Compare binary files in C#

Question

I want to compare two binary files. One of them is already stored on the server with a pre-calculated CRC32 in the database from when I stored it originally.

I know that if the CRC is different, then the files are definitely different. However, if the CRC is the same, I don't know that the files are.
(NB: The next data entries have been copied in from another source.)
(* Suppose that a domino, with holes $H_1$, $H_2$ and edge $xy$, is the underlying graph of some oriented graph $G$ derived from a Burling tree $(T,r,\ell,c)$. Then there exist $z\in\{x,y\}$ and $i\in\{1,2\}$ such that $z$ is the pivot of $H_i$ and $z$ is a subordinate vertex of $H_{3-i}$.
   Context: Graphs are finite, without loops or multiple edges; oriented graphs have no pair of opposite arcs. A hole is an induced cycle of length at least $4$. A domino is a graph made of an edge $xy$ and two holes $H_1,H_2$ both containing the edge $xy$, such that $V(H_1)\cap V(H_2)=\{x,y\}$ and there are no edges other than those of $H_1$ and $H_2$. In a rooted tree $T$ with root $r$, each non-root vertex $v$ has a parent $p(v)$; children, leaves, ancestors and descendants are as usual. A branch is a sequence $v_1\dots v_k$ ($k\ge0$) with $v_i$ the parent of $v_{i+1}$; it starts at $v_1$. A Burling tree is a 4-tuple $(T,r,\ell,c)$: $T$ a rooted tree with root $r$; $\ell$ assigns to each non-leaf vertex $v$ one of its children $\ell(v)$ (the last-born of $v$); $c$ assigns to every vertex $v$ that is neither the root nor a last-born the vertex-set of a (possibly empty) branch starting at $\ell(p(v))$, and $c(v)=\emptyset$ if $v$ is the root or a last-born. The oriented graph fully derived from it has vertex-set $V(T)$ and an arc $uv$ iff $v\in c(u)$; an oriented graph is derived from the Burling tree if it is an induced subgraph of the fully derived one. A hole of an oriented graph means a hole of its underlying graph. If $G$ is derived from $T$ and $H$ is a hole of $G$, then (as established in the paper) $H$ with the inherited orientation has exactly two sources, called its antennas, and exactly two sinks; exactly one of these sinks is adjacent to both antennas and is an ancestor in $T$ of all vertices of $H$ other than the antennas: it is the pivot of $H$. A vertex of $H$ is subordinate if it is neither the pivot nor an antenna of $H$. *)

theory Defs
  imports Main
begin

text \<open>A rooted tree is given by a finite vertex set V, a root r and a parent
function p (only meaningful on non-root vertices).\<close>

definition rooted_tree :: "'a set \<Rightarrow> 'a \<Rightarrow> ('a \<Rightarrow> 'a) \<Rightarrow> bool" where
  "rooted_tree V r p \<longleftrightarrow> finite V \<and> r \<in> V \<and>
     (\<forall>v\<in>V. v \<noteq> r \<longrightarrow> p v \<in> V) \<and>
     (\<forall>v\<in>V. \<exists>n. (p ^^ n) v = r)"

definition children :: "'a set \<Rightarrow> 'a \<Rightarrow> ('a \<Rightarrow> 'a) \<Rightarrow> 'a \<Rightarrow> 'a set" where
  "children V r p v = {u \<in> V. u \<noteq> r \<and> p u = v}"
(* Let $(V_1,\dots,V_n)$ be an $n$-tuple of doubly non-commuting isometries on a Hilbert space $H$. Then there exist a Hilbert space $\mathcal K\supseteq H$, with orthogonal projection $P_H:\mathcal K\to H$, and unitary operators $\mathcal U_1,\dots,\mathcal U_n$ on $\mathcal K$ such that: (1) $(\mathcal U_1,\dots,\mathcal U_n)$ is an $n$-tuple of doubly non-commuting isometries (with the same structure constants); (2) $\mathcal U_1,\dots,\mathcal U_n$ leave $H$ invariant; (3) $\mathcal U_i|_H=V_i$ for $i=1,\dots,n$; (4) $V_i^*=(P_H\circ\mathcal U_i^* )|_H$ for $i=1,\dots,n$.
   Context: Fix $n\ge1$ and $z_{ij}\in\mathbb T$ for $i\ne j$ in $\{1,\dots,n\}$ with $z_{ji}=\overline{z_{ij}}$. An $n$-tuple $(V_1,\dots,V_n)$ of isometries on a Hilbert space is doubly non-commuting if $V_i^*V_j=\overline{z_{ij}}V_jV_i^*$ for all $i\neq j$. *)

theory Defs
  imports Complex_Main
begin

text \<open>A complex Hilbert space, given relative to a carrier set together with its
  vector-space operations and its inner product (linear in the first argument,
  conjugate-linear in the second).\<close>

record 'a hspace =
  hcarrier :: "'a set"
  hzero    :: "'a"
  hadd     :: "'a \<Rightarrow> 'a \<Rightarrow> 'a"
  hscale   :: "complex \<Rightarrow> 'a \<Rightarrow> 'a"
  hinner   :: "'a \<Rightarrow> 'a \<Rightarrow> complex"

definition hsub :: "'a hspace \<Rightarrow> 'a \<Rightarrow> 'a \<Rightarrow> 'a" where
  "hsub X x y = hadd X x (hscale X (-1) y)"

definition hnorm :: "'a hspace \<Rightarrow> 'a \<Rightarrow> real" where
  "hnorm X x = sqrt (Re (hinner X x x))"

definition hilbert_space :: "'a hspace \<Rightarrow> bool" where
  "hilbert_space X \<longleftrightarrow>
     (let C = hcarrier X in
      hzero X \<in> C \<and>
      (\<forall>x\<in>C. \<forall>y\<in>C. hadd X x y \<in> C) \<and>
      (\<forall>a. \<forall>x\<in>C. hscale X a x \<in> C) \<and>
      (\<forall>x\<in>C. \<forall>y\<in>C. \<forall>z\<in>C. hadd X (hadd X x y) z = hadd X x (hadd X y z)) \<and>
      (\<forall>x\<in>C. \<forall>y\<in>C. hadd X x y = hadd X y x) \<and>
      (\<forall>x\<in>C. hadd X x (hzero X) = x) \<and>
      (\<forall>x\<in>C. hadd X x (hscale X (-1) x) = hzero X) \<and>
      (\<forall>a b. \<forall>x\<in>C. hscale X a (hscale X b x) = hscale X (a * b) x) \<and>
      (\<forall>x\<in>C. hscale X 1 x = x) \<and>
      (\<forall>a. \<forall>x\<in>C. \<forall>y\<in>C. hscale X a (hadd X x y) = hadd X (hscale X a x) (hscale X a y)) \<and>
      (\<forall>a b. \<forall>x\<in>C. hscale X (a + b) x = hadd X (hscale X a x) (hscale X b x)) \<and>
      (\<forall>x\<in>C. \<forall>y\<in>C. hinner X x y = cnj (hinner X y x)) \<and>
      (\<forall>x\<in>C. \<forall>y\<in>C. \<forall>z\<in>C. hinner X (hadd X x y) z = hinner X x z + hinner X y z) \<and>
      (\<forall>a. \<forall>x\<in>C. \<forall>y\<in>C. hinner X (hscale X a x) y = a * hinner X x y) \<and>
      (\<forall>x\<in>C. Im (hinner X x x) = 0 \<and> Re (hinner X x x) \<ge> 0) \<and>
      (\<forall>x\<in>C. hinner X x x = 0 \<longrightarrow> x = hzero X) \<and>
      \<comment> \<open>completeness\<close>
      (\<forall>f::nat \<Rightarrow> 'a. (\<forall>k. f k \<in> C) \<longrightarrow>
          (\<forall>e>0. \<exists>N. \<forall>m\<ge>N. \<forall>k\<ge>N. hnorm X (hsub X (f m) (f k)) < e) \<longrightarrow>
          (\<exists>l\<in>C. (\<lambda>k. hnorm X (hsub X (f k) l)) \<longlonglongrightarrow> 0)))"

definition bounded_op :: "'a hspace \<Rightarrow> ('a \<Rightarrow> 'a) \<Rightarrow> bool" where
  "bounded_op X T \<longleftrightarrow>
     (\<forall>x\<in>hcarrier X. T x \<in> hcarrier X) \<and>
     (\<forall>x\<in>hcarrier X. \<forall>y\<in>hcarrier X. T (hadd X x y) = hadd X (T x) (T y)) \<and>
     (\<forall>a. \<forall>x\<in>hcarrier X. T (hscale X a x) = hscale X a (T x)) \<and>
     (\<exists>c. \<forall>x\<in>hcarrier X. hnorm X (T x) \<le> c * hnorm X x)"

definition adj :: "'a hspace \<Rightarrow> ('a \<Rightarrow> 'a) \<Rightarrow> 'a \<Rightarrow> 'a" where
  "adj X T y = (THE z. z \<in> hcarrier X \<and> (\<forall>x\<in>hcarrier X. hinner X (T x) y = hinner X x z))"

definition isometry_op :: "'a hspace \<Rightarrow> ('a \<Rightarrow> 'a) \<Rightarrow> bool" where
  "isometry_op X T \<longleftrightarrow> bounded_op X T \<and> (\<forall>x\<in>hcarrier X. adj X T (T x) = x)"

definition unitary_op :: "'a hspace \<Rightarrow> ('a \<Rightarrow> 'a) \<Rightarrow> bool" where
  "unitary_op X T \<longleftrightarrow> bounded_op X T \<and>
     (\<forall>x\<in>hcarrier X. adj X T (T x) = x) \<and> (\<forall>x\<in>hcarrier X. T (adj X T x) = x)"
So, I'm looking for a nice efficient way of comparing the two streams: one from the posted file and one from the file system.

I'm not an expert on streams, but I'm well aware that I could easily shoot myself in the foot here as far as memory usage is concerned.

Mehrdad Afshari · Accepted Answer · 2016-02-18 22:05:49Z

44

static bool FileEquals(string fileName1, string fileName2)
{
    // Check the file size and CRC equality here.. if they are equal...    
    using (var file1 = new FileStream(fileName1, FileMode.Open))
        using (var file2 = new FileStream(fileName2, FileMode.Open))
            return FileStreamEquals(file1, file2);
}

static bool FileStreamEquals(Stream stream1, Stream stream2)
{
    const int bufferSize = 2048;
    byte[] buffer1 = new byte[bufferSize]; //buffer size
    byte[] buffer2 = new byte[bufferSize];
    while (true) {
        int count1 = stream1.Read(buffer1, 0, bufferSize);
        int count2 = stream2.Read(buffer2, 0, bufferSize);

        if (count1 != count2)
            return false;

        if (count1 == 0)
            return true;

        // You might replace the following with an efficient "memcmp"
        if (!buffer1.Take(count1).SequenceEqual(buffer2.Take(count2)))
            return false;
    }
}

edited Feb 18, 2016 at 22:05

answered Jun 9, 2009 at 9:05

Mehrdad Afshari

424k93 gold badges864 silver badges796 bronze badges

Sign up to request clarification or add additional context in comments.

12 Comments

Karata Over a year ago

Require conunt1 == count2 could be inaccurate, as Stream.Read is free to return a block that has a length less than requested byte count. see msdn.microsoft.com/en-us/library/vstudio/…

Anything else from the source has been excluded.